Am 26. Mai 1909 hatte der Polytechnic-Marathon seine Premiere. Das Rennen fand im ersten Jahr auf der olympischen Marathonstrecke von 1908 statt. Der Brite Henry Barrett gewann in 2:42:31 Stunden und war damit deutlich schneller als der Olympiasieger John Hayes im Jahr zuvor. Die Strecke des Polytechnic-Marathons variierte in den folgenden Jahren ein paar Mal.

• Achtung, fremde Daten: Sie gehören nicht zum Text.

(* Let $\mathcal{P}=((\mathcal{S},\mathcal{T}),(\mathcal{U},\mathcal{V}))$ be a twin cotorsion pair on a triangulated category $\mathcal{C}$ with associated functor $H\colon\mathcal{C}\to\mathcal{H}/\mathcal{W}$. Then $H(\mathcal{U}*\mathcal{T})=0$; thus $H$ factors through the quotient $\mathcal{C}\to\mathcal{C}/(\mathcal{U}*\mathcal{T})$. In particular $H(\mathcal{U})=H(\mathcal{T})=0$.
   Context: For full subcategories $\mathcal{X},\mathcal{Y}$, $\mathcal{X}*\mathcal{Y}$ is the full subcategory of objects $C$ admitting a distinguished triangle $X\to C\to Y\to X[1]$ with $X\in\mathcal{X}$, $Y\in\mathcal{Y}$. A cotorsion pair $(\mathcal{A},\mathcal{B})$: full subcategories closed under isomorphisms, finite direct sums and summands with $\mathcal{C}=\mathcal{A}*\mathcal{B}[1]$ and $\mathcal{C}(\mathcal{A},\mathcal{B}[1])=0$. A twin cotorsion pair $((\mathcal{S},\mathcal{T}),(\mathcal{U},\mathcal{V}))$: two cotorsion pairs with $\mathcal{C}(\mathcal{S},\mathcal{V}[1])=0$. Associated data: $\mathcal{W}=\mathcal{U}\cap\mathcal{T}$, $\mathcal{C}^+=\mathcal{W}*\mathcal{V}[1]$, $\mathcal{C}^-=\mathcal{S}[-1]*\mathcal{W}$, $\mathcal{H}=\mathcal{C}^+\cap\mathcal{C}^-$; ideal quotients $\mathcal{C}/\mathcal{W}$, $\mathcal{H}/\mathcal{W}$ by morphisms factoring through objects of the given subcategory; $\tau^+$ left adjoint of $\mathcal{C}^+/\mathcal{W}\hookrightarrow\mathcal{C}/\mathcal{W}$, $\tau^-$ right adjoint of $\mathcal{C}^-/\mathcal{W}\hookrightarrow\mathcal{C}/\mathcal{W}$; $H$ is the quotient functor followed by $\tau^+\tau^-$. *)

theory Defs
  imports Main
begin

text \<open>A category is given by a set of objects, hom-sets (pairwise disjoint, as in
Mac Lane), composition (cmp g f = g o f), identities. Distinguished triangles
X --f--> Y --g--> Z --h--> X[1] are sextuples (X,Y,Z,f,g,h).\<close>

record ('o, 'm) tricat =
  obj  :: "'o set"
  hom  :: "'o \<Rightarrow> 'o \<Rightarrow> 'm set"
  cmp  :: "'m \<Rightarrow> 'm \<Rightarrow> 'm"
  idm  :: "'o \<Rightarrow> 'm"
  zer  :: "'o \<Rightarrow> 'o \<Rightarrow> 'm"
  pls  :: "'m \<Rightarrow> 'm \<Rightarrow> 'm"
  ngt  :: "'m \<Rightarrow> 'm"
  sho  :: "'o \<Rightarrow> 'o"
  shm  :: "'m \<Rightarrow> 'm"
  dist :: "('o \<times> 'o \<times> 'o \<times> 'm \<times> 'm \<times> 'm) set"

definition is_iso :: "('o,'m,'x) tricat_scheme \<Rightarrow> 'o \<Rightarrow> 'o \<Rightarrow> 'm \<Rightarrow> bool" where
  "is_iso C X Y f \<longleftrightarrow> f \<in> hom C X Y \<and>
     (\<exists>g \<in> hom C Y X. cmp C g f = idm C X \<and> cmp C f g = idm C Y)"

definition isomorphic :: "('o,'m,'x) tricat_scheme \<Rightarrow> 'o \<Rightarrow> 'o \<Rightarrow> bool" where
  "isomorphic C X Y \<longleftrightarrow> (\<exists>f. is_iso C X Y f)"

definition zero_obj :: "('o,'m,'x) tricat_scheme \<Rightarrow> 'o \<Rightarrow> bool" where
  "zero_obj C Z \<longleftrightarrow> Z \<in> obj C \<and>
     (\<forall>X \<in> obj C. hom C Z X = {zer C Z X} \<and> hom C X Z = {zer C X Z})"

definition biproduct :: "('o,'m,'x) tricat_scheme \<Rightarrow> 'o \<Rightarrow> 'o \<Rightarrow> 'o
     \<Rightarrow> 'm \<Rightarrow> 'm \<Rightarrow> 'm \<Rightarrow> 'm \<Rightarrow> bool" where
  "biproduct C X Y B i1 i2 p1 p2 \<longleftrightarrow> B \<in> obj C \<and>
     i1 \<in> hom C X B \<and> i2 \<in> hom C Y B \<and> p1 \<in> hom C B X \<and> p2 \<in> hom C B Y \<and>
     cmp C p1 i1 = idm C X \<and> cmp C p2 i2 = idm C Y \<and>
     cmp C p1 i2 = zer C Y X \<and> cmp C p2 i1 = zer C X Y \<and>
     pls C (cmp C i1 p1) (cmp C i2 p2) = idm C B"

definition additive_category :: "('o,'m,'x) tricat_scheme \<Rightarrow> bool" where
  "additive_category C \<longleftrightarrow>
     (\<forall>X Y. (X \<notin> obj C \<or> Y \<notin> obj C) \<longrightarrow> hom C X Y = {}) \<and>
     (\<forall>X Y X' Y' f. f \<in> hom C X Y \<and> f \<in> hom C X' Y' \<longrightarrow> X = X' \<and> Y = Y') \<and>
     (\<forall>X \<in> obj C. idm C X \<in> hom C X X) \<and>
     (\<forall>X Y Z f g. f \<in> hom C X Y \<and> g \<in> hom C Y Z \<longrightarrow> cmp C g f \<in> hom C X Z) \<and>
     (\<forall>X Y f. f \<in> hom C X Y \<longrightarrow> cmp C (idm C Y) f = f \<and> cmp C f (idm C X) = f) \<and>
     (\<forall>W X Y Z f g h. f \<in> hom C W X \<and> g \<in> hom C X Y \<and> h \<in> hom C Y Z \<longrightarrow>
        cmp C h (cmp C g f) = cmp C (cmp C h g) f) \<and>
     (\<forall>X \<in> obj C. \<forall>Y \<in> obj C. zer C X Y \<in> hom C X Y) \<and>
     (\<forall>X Y f g. f \<in> hom C X Y \<and> g \<in> hom C X Y \<longrightarrow>
        pls C f g \<in> hom C X Y \<and> ngt C f \<in> hom C X Y \<and>
        pls C f g = pls C g f \<and> pls C f (zer C X Y) = f \<and>
        pls C f (ngt C f) = zer C X Y) \<and>
     (\<forall>X Y f g h. f \<in> hom C X Y \<and> g \<in> hom C X Y \<and> h \<in> hom C X Y \<longrightarrow>
        pls C (pls C f g) h = pls C f (pls C g h)) \<and>
     (\<forall>X Y Z f g h. f \<in> hom C X Y \<and> g \<in> hom C X Y \<and> h \<in> hom C Y Z \<longrightarrow>
        cmp C h (pls C f g) = pls C (cmp C h f) (cmp C h g)) \<and>
     (\<forall>X Y Z f g h. f \<in> hom C Y Z \<and> g \<in> hom C Y Z \<and> h \<in> hom C X Y \<longrightarrow>
        cmp C (pls C f g) h = pls C (cmp C f h) (cmp C g h)) \<and>
     (\<exists>Z. zero_obj C Z) \<and>
     (\<forall>X \<in> obj C. \<forall>Y \<in> obj C. \<exists>B i1 i2 p1 p2. biproduct C X Y B i1 i2 p1 p2)"

definition shift_equivalence :: "('o,'m,'x) tricat_scheme \<Rightarrow> bool" where
  "shift_equivalence C \<longleftrightarrow>
     (\<forall>X \<in> obj C. sho C X \<in> obj C) \<and>
     (\<forall>X Y f. f \<in> hom C X Y \<longrightarrow> shm C f \<in> hom C (sho C X) (sho C Y)) \<and>
     (\<forall>X Y Z f g. f \<in> hom C X Y \<and> g \<in> hom C Y Z \<longrightarrow>
        shm C (cmp C g f) = cmp C (shm C g) (shm C f)) \<and>
     (\<forall>X \<in> obj C. shm C (idm C X) = idm C (sho C X)) \<and>
     (\<forall>X Y f g. f \<in> hom C X Y \<and> g \<in> hom C X Y \<longrightarrow>
        shm C (pls C f g) = pls C (shm C f) (shm C g)) \<and>
     (\<forall>X \<in> obj C. \<forall>Y \<in> obj C. bij_betw (shm C) (hom C X Y) (hom C (sho C X) (sho C Y))) \<and>
     (\<forall>Y \<in> obj C. \<exists>X \<in> obj C. isomorphic C (sho C X) Y)"

definition triangle :: "('o,'m,'x) tricat_scheme \<Rightarrow> 'o \<Rightarrow> 'o \<Rightarrow> 'o \<Rightarrow> 'm \<Rightarrow> 'm \<Rightarrow> 'm \<Rightarrow> bool" where
  "triangle C X Y Z f g h \<longleftrightarrow> f \<in> hom C X Y \<and> g \<in> hom C Y Z \<and> h \<in> hom C Z (sho C X)"

definition triangulated_category :: "('o,'m,'x) tricat_scheme \<Rightarrow> bool" where
  "triangulated_category C \<longleftrightarrow> additive_category C \<and> shift_equivalence C \<and>
     \<comment> \<open>distinguished triangles are triangles\<close>
     (\<forall>X Y Z f g h. (X,Y,Z,f,g,h) \<in> dist C \<longrightarrow> triangle C X Y Z f g h) \<and>
     \<comment> \<open>TR1: closure under isomorphism of triangles\<close>
     (\<forall>X Y Z f g h X' Y' Z' f' g' h' a b c.
        (X,Y,Z,f,g,h) \<in> dist C \<and> triangle C X' Y' Z' f' g' h' \<and>
        is_iso C X X' a \<and> is_iso C Y Y' b \<and> is_iso C Z Z' c \<and>
        cmp C b f = cmp C f' a \<and> cmp C c g = cmp C g' b \<and>
        cmp C (shm C a) h = cmp C h' c \<longrightarrow> (X',Y',Z',f',g',h') \<in> dist C) \<and>
     \<comment> \<open>TR1: X = X -> 0 -> X[1] is distinguished\<close>
     (\<forall>X \<in> obj C. \<forall>Z. zero_obj C Z \<longrightarrow>
        (X, X, Z, idm C X, zer C X Z, zer C Z (sho C X)) \<in> dist C) \<and>
     \<comment> \<open>TR1: every morphism extends to a distinguished triangle\<close>
     (\<forall>X Y f. f \<in> hom C X Y \<longrightarrow> (\<exists>Z g h. (X,Y,Z,f,g,h) \<in> dist C)) \<and>
     \<comment> \<open>TR2: rotation\<close>
     (\<forall>X Y Z f g h. triangle C X Y Z f g h \<longrightarrow>
        ((X,Y,Z,f,g,h) \<in> dist C \<longleftrightarrow> (Y, Z, sho C X, g, h, ngt C (shm C f)) \<in> dist C)) \<and>
     \<comment> \<open>TR3: completion of morphisms of triangles\<close>
     (\<forall>X Y Z f g h X' Y' Z' f' g' h' u v.
        (X,Y,Z,f,g,h) \<in> dist C \<and> (X',Y',Z',f',g',h') \<in> dist C \<and>
        u \<in> hom C X X' \<and> v \<in> hom C Y Y' \<and> cmp C v f = cmp C f' u \<longrightarrow>
        (\<exists>w \<in> hom C Z Z'. cmp C w g = cmp C g' v \<and> cmp C (shm C u) h = cmp C h' w)) \<and>
     \<comment> \<open>TR4: octahedral axiom\<close>
     (\<forall>X Y Z f g Z' f1 f2 X' g1 g2 Y' h1 h2.
        (X, Y, Z', f, f1, f2) \<in> dist C \<and> (Y, Z, X', g, g1, g2) \<in> dist C \<and>
        (X, Z, Y', cmp C g f, h1, h2) \<in> dist C \<longrightarrow>
        (\<exists>u v. (Z', Y', X', u, v, cmp C (shm C f1) g2) \<in> dist C \<and>
           cmp C u f1 = cmp C h1 g \<and> cmp C h2 u = f2 \<and>
           cmp C v h1 = g1 \<and> cmp C g2 v = cmp C (shm C f) h2))"

text \<open>Full subcategories are represented by sets of objects.\<close>

definition ext :: "('o,'m,'x) tricat_scheme \<Rightarrow> 'o set \<Rightarrow> 'o set \<Rightarrow> 'o set" where
  "ext C \<X> \<Y> = {M \<in> obj C. \<exists>X Y f g h. X \<in> \<X> \<and> Y \<in> \<Y> \<and> (X, M, Y, f, g, h) \<in> dist C}"

definition shift_up :: "('o,'m,'x) tricat_scheme \<Rightarrow> 'o set \<Rightarrow> 'o set" where
  "shift_up C \<X> = {M \<in> obj C. \<exists>X \<in> \<X>. isomorphic C M (sho C X)}"

definition shift_down :: "('o,'m,'x) tricat_scheme \<Rightarrow> 'o set \<Rightarrow> 'o set" where
  "shift_down C \<X> = {M \<in> obj C. sho C M \<in> \<X>}"

definition full_subcat :: "('o,'m,'x) tricat_scheme \<Rightarrow> 'o set \<Rightarrow> bool" where
  "full_subcat C \<A> \<longleftrightarrow> \<A> \<subseteq> obj C \<and>
     (\<forall>X Y. X \<in> \<A> \<and> Y \<in> obj C \<and> isomorphic C X Y \<longrightarrow> Y \<in> \<A>) \<and>
     (\<forall>Z. zero_obj C Z \<longrightarrow> Z \<in> \<A>) \<and>
     (\<forall>X Y B i1 i2 p1 p2. biproduct C X Y B i1 i2 p1 p2 \<longrightarrow>
        (X \<in> \<A> \<and> Y \<in> \<A> \<longleftrightarrow> B \<in> \<A>))"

Auf der Strecke des Rennens lief am 3. Oktober 1926 die Britin Violet Percy in einem Sololauf 3:40:22 Stunden. Obwohl Frauen-Langstreckenläufe noch lange nicht zum Programm der olympischen Wettbewerbe zählten, ist es jene Zeit von Violet Percy, die die IAAF als erste Marathon-Weltbestzeit einer Frau listet.
Ab 1938 befand sich das Ziel im neuen Stadion der Polytechnic Harriers in Chiswick, einem Bezirk im Westteil Londons. Es war dort, wo die Zuschauer zwischen 1952 und 1965 sechs Weltrekorde sahen. Dreimal in Folge stellte der Brite James Peters eine Bestmarke auf. 1953 blieb er dabei als erster Marathonläufer unter 2:20 Stunden (2:18:40). 1965 gewann der Japaner Morio Shigematsu mit 2:12:00. Das war die achte und letzte Weltbestzeit in der Geschichte des Polytechnic-Marathons – kein anderes Rennen hat bis heute mehr.
Verkehrsprobleme machten es ab etwa 1970 zunehmend schwerer für die Veranstalter des Polytechnic-Marathons. Zudem, so schreibt der letzte Race-Direktor Ian Ridpath in einem historischen Überblick zu der Veranstaltung, konnten sie später nicht konkurrieren mit den aufstrebenden City-Marathonrennen, die als Massenläufe konzipiert waren und zudem den Topathleten teilweise hohe Start- und Preisgelder boten. Die 78. Auflage des Polytechnic-Marathons war 1996 die letzte dieses außerordentlichen Rennens.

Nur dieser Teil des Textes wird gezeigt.